The title of the paper seems a bit cheeky because the authors clearly think that stocks are pretty scary, even for the long run.

I conducted a similar but less robust analysis for developed market stocks using MSCI developed market data going back to 1970 earlier this year.  And I reached a nearly opposite conclusion that “the risks from global¹ stocks are pretty similar to the risks from U.S. stock investing”.  So, at first glance, I found the ACO Study as a bit of mystery, and I love a good mystery.

Examining the Evidence

A good way to start solving a mystery that comes from historical returns is to examine the data that are included and excluded from any given analysis.  Here’s a graph from the ACO Study showing the timespans of return data from each Developed Market country that they used.

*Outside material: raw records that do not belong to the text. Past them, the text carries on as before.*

(* Let $r\ge 2$, $n\ge1$ and $\underline m=(m_0,m_1,m_2,m_3)\in\mathbb N^4$ with $\gcd(m_3,r)=n$ and $\gcd(m_i,r)=1$ for $i\ne3$. Then the adjacency matrix of $L_7^{r;\underline m}$ (vertices ordered $v_0^0,v_1^0,v_2^0,v_3^0,\dots,v_3^{n-1}$) is $$\begin{pmatrix}1&r&\frac{r(r+1)}2&x_0&\cdots&x_{n-1}\\0&1&r&y_0&\cdots&y_{n-1}\\0&0&1&\frac rn&\cdots&\frac rn\\0&0&0&&&\\ \vdots&\vdots&\vdots&&I_n&\\0&0&0&&&\end{pmatrix}$$ where $y_0=\frac{r(r+n)}{2n}$; for $1\le t\le n-1$, $y_t\equiv\frac{r(r-n)}{2n}+a_2t\frac rn\pmod r$; and for $0\le t\le n-1$, $x_t-X_t-\frac rn\big(a_1t+a_2t-1\big)\in r\mathbb Z$, where $$X_t=-m_2^{-1}m_1\frac{r(r-2)(r-1)}{3n}+\sum_{l=1}^{r-2}l\,\frac{r(1-k_l)}{n}+\sum_{h=0}^{n-1}\sum_{l\in\Lambda_h}\frac{lh}{n}-\sum_{h=s_t+1}^{n-1}\sum_{l\in\Lambda_h}l .$$
   Context: Let $r\ge 2$ and $N\ge 0$ be integers and $\underline m=(m_0,\dots,m_N)\in\mathbb N^{N+1}$. The skew product graph $L_{2N+1}\times_{\underline m}\mathbb Z_r$ is the directed graph with vertices $(v_i,k)$, $0\le i\le N$, $k\in\mathbb Z_r=\{0,1,\dots,r-1\}$, and edges $(e_{ij},k)$ for $0\le i\le j\le N$, $k\in\mathbb Z_r$, the edge $(e_{ij},k)$ having source $(v_i,k-m_i \bmod r)$ and range $(v_j,k)$. The vertices $(v_i,k)$, $k\in\mathbb Z_r$, form level $i$. A vertex $(v_l,k)$ is called distinguished if $0\le k<\gcd(m_l,r)$. For distinguished vertices $(v_i,s),(v_j,t)$, an admissible path from $(v_i,s)$ to $(v_j,t)$ is a finite path of positive length in the skew product graph with source $(v_i,s)$ and range $(v_j,t)$ none of whose vertices other than its source and range is distinguished. The graph $L^{r;\underline m}_{2N+1}$ has vertices $v_i^b$ ($0\le i\le N$, $0\le b<\gcd(m_i,r)$) and, for all $i,j,s,t$, exactly as many edges from $v_i^s$ to $v_j^t$ as there are admissible paths from $(v_i,s)$ to $(v_j,t)$. Its adjacency matrix has $(v,w)$ entry equal to the number of edges from $v$ to $w$. Here $N=3$. Notation: $m_2^{-1}\in\{0,\dots,r-1\}$ is the inverse of $m_2$ modulo $r$; $a_1,a_2\in\{0,\dots,n-1\}$ are the inverses of $m_1,m_2$ modulo $n$; for $0\le t\le n-1$, $s_t\in\{0,\dots,n-1\}$ satisfies $s_t\equiv a_2t-1\pmod n$; for $1\le l\le r-2$, $k_l\in\mathbb Z$ is the integer with $0<m_2^{-1}m_1(l+1)+rk_l<r$; for $0\le h\le n-1$, $\Lambda_h=\{l\in\{1,\dots,r-2\}: l\equiv m_2a_1h-1\pmod n\}$. *)

theory Defs
  imports Complex_Main "HOL-Number_Theory.Cong"
begin
lemma N0_sections_along_ones_act_a: "N0_sections_along_ones n \<alpha> act_a"
proof -
  have "restr act_a (u @ replicate 1 True) = id" for u
    by (cases u) simp_all
  then show ?thesis
    unfolding N0_sections_along_ones_def using id_in_N0 by metis
qed

lemma N0_sections_along_ones_iota: "N0_sections_along_ones n \<alpha> (iota n \<alpha> \<beta>)"
  unfolding N0_sections_along_ones_def
proof
  show "\<exists>K. restr (iota n \<alpha> \<beta>) (u @ replicate K True) \<in> N0 n \<alpha>" for u
  proof (induction u arbitrary: \<beta>)
    case Nil
    have "restr (iota n \<alpha> \<beta>) ([] @ replicate 0 True) \<in> N0 n \<alpha>"
      by (simp add: N0_def)
    then show ?case ..
  next
    case (Cons x u)
    show ?case
    proof (cases x)
      case True
      then show ?thesis
        using Cons.IH by (simp add: restr_iota_True)
    next
      case False
      have "restr (iota n \<alpha> \<beta>) (False # u @ replicate 1 True) = id"
        by (cases u) (simp_all add: restr_iota_False)
      then show ?thesis
        using False id_in_N0 by (metis append_Cons)
    qed
  qed
qed

lemma N0_sections_along_ones_comp:
  fixes \<alpha> :: "'k::field"
  assumes char: "CHAR('k) = 2" and trace_01: "\<And>x::'k. trace n x = 0 \<or> trace n x = 1"
    and g: "N0_sections_along_ones n \<alpha> g"
    and h: "N0_sections_along_ones n \<alpha> h" "tree_endomorphism h"
  shows "N0_sections_along_ones n \<alpha> (g \<circ> h)"
  unfolding N0_sections_along_ones_def
proof
  fix u
  obtain K1 y1 where y1: "restr h (u @ replicate K1 True) = iota n \<alpha> y1"
    using h(1) unfolding N0_sections_along_ones_def N0_def by blast
  define u' where "u' = h (u @ replicate K1 True)"
  obtain K2 y2 where y2: "restr g (u' @ replicate K2 True) = iota n \<alpha> y2"
    using g unfolding N0_sections_along_ones_def N0_def by blast
  let ?v = "u @ replicate K1 True @ replicate K2 True"
  have "h ?v = u' @ replicate K2 True"
    using tree_endomorphism_append[OF h(2), of "u @ replicate K1 True"]
    by (simp add: u'_def y1)
  moreover have "restr h ?v = iota n \<alpha> (\<alpha> ^ K2 * y1)"
    by (simp add: restr_append[of h "u @ replicate K1 True", simplified] y1 restr_iota_replicate_True)
  ultimately have "restr (g \<circ> h) ?v = iota n \<alpha> (y2 + \<alpha> ^ K2 * y1)"
    by (simp add: restr_comp[OF h(2)] y2 fun_eq_iff iota_iota_add[OF char trace_01])
  then show "\<exists>K. restr (g \<circ> h) (u @ replicate K True) \<in> N0 n \<alpha>"
    by (metis N0_def rangeI replicate_add append_assoc)
qed

lemma Ggrp_N0_sections_along_ones:
  fixes \<alpha> :: "'k::field"
  assumes char: "CHAR('k) = 2" and trace_01: "\<And>x::'k. trace n x = 0 \<or> trace n x = 1"
    and "g \<in> Ggrp n \<alpha>"
  shows "N0_sections_along_ones n \<alpha> g \<and> N0_sections_along_ones n \<alpha> (inv g)"
  \<comment> \<open>The property does not pass from g to inv g directly, so inverses are carried along.\<close>
  using assms(3)
proof (induction rule: Ggrp.induct)
  case G_id
  then show ?case
    using N0_sections_along_ones_id by (metis inv_id)
next
  case G_a
  have "inv act_a = act_a"
    by (rule inv_unique_comp) (simp_all add: fun_eq_iff)
  then show ?case
    using N0_sections_along_ones_act_a by simp
next
  case (G_iota \<beta>)
  have "inv (iota n \<alpha> \<beta>) = iota n \<alpha> \<beta>"
    by (rule inv_unique_comp) (simp_all add: fun_eq_iff)
  then show ?case
    using N0_sections_along_ones_iota by simp
next
  case (G_comp g h)
  have "inv (g \<circ> h) = inv h \<circ> inv g"
    using G_comp.hyps by (simp add: o_inv_distrib Ggrp_bij)
  moreover have "tree_endomorphism h" "tree_endomorphism (inv g)"
    using G_comp.hyps Ggrp.G_inv[of g n \<alpha>] by (simp_all add: Ggrp_tree_endomorphism)
  ultimately show ?case
    using G_comp.IH N0_sections_along_ones_comp[OF char trace_01] by metis
next
  case (G_inv g)
  then show ?case
    by (simp add: inv_inv_eq Ggrp_bij)
qed

lemma length_pref [simp]: "length (pref w k) = k"
  by (simp add: pref_def)

lemma take_pref [simp]: "take j (pref w k) = pref w (min j k)"
  by (simp add: pref_def take_map min_def)

lemma pref_eq_le:
  assumes "pref v k = pref w k" and "j \<le> k"
  shows "pref v j = pref w j"
  using arg_cong[OF assms(1), of "take j"] assms(2) by (simp add: min_absorb1)

lemma pref_add: "pref w (k + d) = pref w k @ map w [k..<k + d]"
  unfolding pref_def by (simp add: upt_add_eq_append[of 0 k d])

lemma in_cyl_iff: "w \<in> cyl p \<longleftrightarrow> pref w (length p) = p"
  by (simp add: cyl_def)

lemma in_cyl_pref_iff: "v \<in> cyl (pref w k) \<longleftrightarrow> pref v k = pref w k"
  by (simp add: in_cyl_iff)

lemma in_cyl_if_pref_eq_append:
  assumes "pref w k = p @ q"
  shows "w \<in> cyl p"
proof -
  have "length p \<le> k"
    using arg_cong[OF assms, of length] by simp
  then show ?thesis
    using arg_cong[OF assms, of "take (length p)"] by (simp add: in_cyl_iff min_absorb1)
qed

lemma cyl_Nil [simp]: "cyl [] = UNIV"
  by (simp add: cyl_def pref_def)

lemma cyl_append_subset: "cyl (p @ q) \<subseteq> cyl p"
  by (auto simp: in_cyl_iff intro: in_cyl_if_pref_eq_append)

lemma pref_ones [simp]: "pref ones m = replicate m True"
  by (simp add: pref_def ones_def map_replicate_const)

lemma pref_dip:
  shows "j \<le> p \<Longrightarrow> pref (\<lambda>i. i \<noteq> p) j = replicate j True"
    and "pref (\<lambda>i. i \<noteq> p) (Suc p) = replicate p True @ [False]"
proof -
  show ones: "pref (\<lambda>i. i \<noteq> p) j = replicate j True" if "j \<le> p" for j
    using that by (induction j) (simp_all add: pref_def replicate_append_same)
  show "pref (\<lambda>i. i \<noteq> p) (Suc p) = replicate p True @ [False]"
    using ones[of p] by (simp add: pref_def)
qed

lemma cantor_open_cyl: "cantor_open (cyl p)"
  unfolding cantor_open_def by (metis in_cyl_iff order_refl)

section \<open>Germs\<close>

definition germ_rel_at :: "nat \<Rightarrow> triple \<Rightarrow> triple \<Rightarrow> iword \<Rightarrow> bool" where
  "germ_rel_at k s s' w \<longleftrightarrow> (case s of (\<eta>, g, \<mu>) \<Rightarrow> case s' of (\<eta>', g', \<mu>') \<Rightarrow>
     (\<exists>\<epsilon> \<epsilon>'. pref w k = \<mu> @ \<epsilon> \<and> pref w k = \<mu>' @ \<epsilon>' \<and>
        \<eta> @ g \<epsilon> = \<eta>' @ g' \<epsilon>' \<and> restr g \<epsilon> = restr g' \<epsilon>'))"

lemma germ_rel_iff:
  "germ_rel (s, w) (s', w') \<longleftrightarrow> w = w' \<and> (\<exists>k. germ_rel_at k s s' w)"
  by (cases s; cases s') (auto simp: germ_rel_def germ_rel_at_def)

lemma germ_rel_at_sym: "germ_rel_at k s s' w \<Longrightarrow> germ_rel_at k s' s w"
  by (cases s; cases s') (auto simp: germ_rel_at_def)

lemma germ_rel_at_pref_cong: "pref v k = pref w k \<Longrightarrow> germ_rel_at k s s' w \<Longrightarrow> germ_rel_at k s s' v"
  by (cases s; cases s') (simp add: germ_rel_at_def)

lemma germ_rel_at_in_dom_tr: "germ_rel_at k s s' w \<Longrightarrow> w \<in> dom_tr s \<and> w \<in> dom_tr s'"
  by (cases s; cases s') (auto simp: germ_rel_at_def dom_tr_def intro: in_cyl_if_pref_eq_append)

lemma germ_rel_at_mono:
  assumes g: "tree_endomorphism g" and g': "tree_endomorphism g'"
    and rel: "germ_rel_at k (\<eta>, g, \<mu>) (\<eta>', g', \<mu>') w" and "k \<le> k'"
  shows "germ_rel_at k' (\<eta>, g, \<mu>) (\<eta>', g', \<mu>') w"
proof -
  obtain \<epsilon> \<epsilon>' where \<epsilon>: "pref w k = \<mu> @ \<epsilon>" "pref w k = \<mu>' @ \<epsilon>'"
    and words: "\<eta> @ g \<epsilon> = \<eta>' @ g' \<epsilon>'" and sections: "restr g \<epsilon> = restr g' \<epsilon>'"
    using rel unfolding germ_rel_at_def by auto
  define x where "x = map w [k..<k']"
  have "pref w k' = pref w k @ x"
    using pref_add[of w k "k' - k"] \<open>k \<le> k'\<close> by (simp add: x_def)
  then have "pref w k' = \<mu> @ (\<epsilon> @ x)" "pref w k' = \<mu>' @ (\<epsilon>' @ x)"
    using \<epsilon> by simp_all
  moreover have "\<eta> @ g (\<epsilon> @ x) = \<eta>' @ g' (\<epsilon>' @ x)"
    using words sections by (simp add: tree_endomorphism_append[OF g] tree_endomorphism_append[OF g'])
  moreover have "restr g (\<epsilon> @ x) = restr g' (\<epsilon>' @ x)"
    using sections by (simp add: restr_append)
  ultimately show ?thesis
    unfolding germ_rel_at_def by blast
qed

lemma germ_rel_at_trans:
  assumes "tree_endomorphism g1" "tree_endomorphism g2" "tree_endomorphism g3"
    and "germ_rel_at k1 (\<eta>1, g1, \<mu>1) (\<eta>2, g2, \<mu>2) w" "germ_rel_at k2 (\<eta>2, g2, \<mu>2) (\<eta>3, g3, \<mu>3) w"
  shows "germ_rel_at (max k1 k2) (\<eta>1, g1, \<mu>1) (\<eta>3, g3, \<mu>3) w"
proof -
  have "germ_rel_at (max k1 k2) (\<eta>1, g1, \<mu>1) (\<eta>2, g2, \<mu>2) w"
    "germ_rel_at (max k1 k2) (\<eta>2, g2, \<mu>2) (\<eta>3, g3, \<mu>3) w"
    using assms germ_rel_at_mono by (metis max.cobounded1 max.cobounded2)+
  then obtain \<epsilon>1 \<epsilon>2 \<epsilon>2' \<epsilon>3 where \<epsilon>:
    "pref w (max k1 k2) = \<mu>1 @ \<epsilon>1" "pref w (max k1 k2) = \<mu>2 @ \<epsilon>2"
    "\<eta>1 @ g1 \<epsilon>1 = \<eta>2 @ g2 \<epsilon>2" "restr g1 \<epsilon>1 = restr g2 \<epsilon>2"
    "pref w (max k1 k2) = \<mu>2 @ \<epsilon>2'" "pref w (max k1 k2) = \<mu>3 @ \<epsilon>3"
    "\<eta>2 @ g2 \<epsilon>2' = \<eta>3 @ g3 \<epsilon>3" "restr g2 \<epsilon>2' = restr g3 \<epsilon>3"
    unfolding germ_rel_at_def by auto
  have "\<epsilon>2' = \<epsilon>2"
    using \<epsilon>(2,5) by (metis same_append_eq)
  then have "\<eta>1 @ g1 \<epsilon>1 = \<eta>3 @ g3 \<epsilon>3" "restr g1 \<epsilon>1 = restr g3 \<epsilon>3"
    using \<epsilon> by simp_all
  then show ?thesis
    using \<epsilon>(1,6) unfolding germ_rel_at_def by blast
qed

lemma germ_reps_iff: "((\<eta>, g, \<mu>), w) \<in> germ_reps n \<alpha> \<longleftrightarrow> g \<in> Ggrp n \<alpha> \<and> w \<in> cyl \<mu>"
  by (simp add: germ_reps_def Striples_def dom_tr_def)

lemma germ_rel_refl:
  assumes "(s, w) \<in> germ_reps n \<alpha>"
  shows "germ_rel (s, w) (s, w)"
proof -
  obtain \<eta> g \<mu> where s: "s = (\<eta>, g, \<mu>)"
    by (metis prod.exhaust)
  then have "germ_rel_at (length \<mu>) s s w"
    using assms by (simp add: germ_reps_iff germ_rel_at_def in_cyl_iff)
  then show ?thesis
    by (auto simp: germ_rel_iff)
qed

lemma germ_rel_sym: "germ_rel p q \<Longrightarrow> germ_rel q p"
  by (cases p; cases q) (auto simp: germ_rel_iff intro: germ_rel_at_sym)

lemma germ_rel_trans:
  assumes "p \<in> germ_reps n \<alpha>" "q \<in> germ_reps n \<alpha>" "r \<in> germ_reps n \<alpha>"
    and "germ_rel p q" "germ_rel q r"
  shows "germ_rel p r"
proof -
  obtain \<eta>1 g1 \<mu>1 w1 \<eta>2 g2 \<mu>2 w2 \<eta>3 g3 \<mu>3 w3
    where pqr: "p = ((\<eta>1, g1, \<mu>1), w1)" "q = ((\<eta>2, g2, \<mu>2), w2)" "r = ((\<eta>3, g3, \<mu>3), w3)"
    by (metis prod.exhaust)
  then have "tree_endomorphism g1" "tree_endomorphism g2" "tree_endomorphism g3"
    using assms(1-3) by (auto simp: germ_reps_iff intro: Ggrp_tree_endomorphism)
  then show ?thesis
    using assms(4,5) germ_rel_at_trans unfolding pqr germ_rel_iff by metis
qed
(* Fix an integer $n\ge 2$ and $\lambda>0$. For $\mu>0$ let $q(t)$, $t\ge 0$, be the continuous-time Markov chain on $\{0,1,\dots,n\}$ with $q(0)=0$ and transition rates: $j\to j+1$ at rate $\lambda$ for $0\le j\le n-1$; $j\to j-1$ at rate $\mu$ for $1\le j\le n-1$; the state $n$ is absorbing. Let $\tau=\inf\{t>0:\ q(t)=n\}$. Then, as $\mu\to\infty$ (with $\lambda$ and $n$ fixed), the random variable $(\lambda/\mu)^{n-1}\tau$ converges in distribution to an exponential random variable with parameter $\lambda$; that is, for every $t\ge 0$, $$\lim_{\mu\to\infty} P\big((\lambda/\mu)^{n-1}\tau>t\big)=e^{-\lambda t},$$ equivalently, for every $s\ge 0$, $\lim_{\mu\to\infty} E\, e^{-s(\lambda/\mu)^{n-1}\tau}=\frac{\lambda}{\lambda+s}$. Moreover, with $P_{n-1}(t)=P(q(t)=n-1,\ \tau>t)$ and $\varphi_{n-1}(s)=\int_0^\infty e^{-st}P_{n-1}(t)\,dt$, one has $\lambda P_{n-1}$ equal to the density of $\tau$ and $$\lim_{\mu\to\infty}\varphi_{n-1}\big((\lambda/\mu)^{n-1}s\big)=\frac{1}{\lambda+s}\quad (s\ge 0).$$
   Context: Model interpretation: a system of $n$ identical elements, one working and the rest in reserve, with one repair device repairing one element at a time; working times are exponential with parameter $\lambda$, repair times exponential with parameter $\mu$, all independent. $q(t)$ is the number of broken elements at time $t$, and $\tau$ is the system failure time (all $n$ elements broken). *)

theory Defs
  imports "HOL-Analysis.Analysis"
begin

definition gen :: "real \<Rightarrow> real \<Rightarrow> nat \<Rightarrow> nat \<Rightarrow> nat \<Rightarrow> real" where
  "gen lam mu n i j =
     (if i \<le> n \<and> j \<le> n then
        (if j = i + 1 \<and> i < n then lam
         else if j + 1 = i \<and> 1 \<le> i \<and> i \<le> n - 1 then mu
         else if i = j then - ((if i < n then lam else 0) + (if 1 \<le> i \<and> i \<le> n - 1 then mu else 0))
         else 0)
      else 0)"

text \<open>p j t = P(q(t) = j), characterised as the solution of the Kolmogorov forward
  equations p' = p Q on [0,\<infinity>) with initial distribution concentrated at state 0.\<close>
definition forward_dist :: "real \<Rightarrow> real \<Rightarrow> nat \<Rightarrow> (nat \<Rightarrow> real \<Rightarrow> real) \<Rightarrow> bool" where
  "forward_dist lam mu n p \<longleftrightarrow>
     (\<forall>j\<le>n. p j 0 = (if j = 0 then 1 else 0)) \<and>
     (\<forall>j\<le>n. \<forall>t\<ge>0. (p j has_real_derivative (\<Sum>i\<le>n. p i t * gen lam mu n i j)) (at t within {0..}))"

definition laplace :: "(real \<Rightarrow> real) \<Rightarrow> real \<Rightarrow> real" where
  "laplace f s = (LINT t:{0..}|lborel. exp (- s * t) * f t)"

text \<open>Laplace-Stieltjes transform E exp(-s X) of a nonnegative random variable with
  distribution function F.\<close>
definition lst :: "(real \<Rightarrow> real) \<Rightarrow> real \<Rightarrow> real" where
  "lst F s = (\<integral>t. exp (- s * t) \<partial>interval_measure F)"

end

theory Submission
  imports Defs
begin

It’s an impressively large data collection.  And the ACO Study used specific economic criteria to expand their dataset to include some countries that have only qualified for developed market status in the last 5 to 30 years (see the bottom of the graph).

The ACO Study randomly sampled from this entire dataset to generate statistics on long-term stock performance.  One of the most interesting statistics they developed was the chance of losing inflation-adjusted money over different investing timeframes.  This statistic is essentially identical to the “permanent loss” stats that I’ve generated in the past based on other datasets.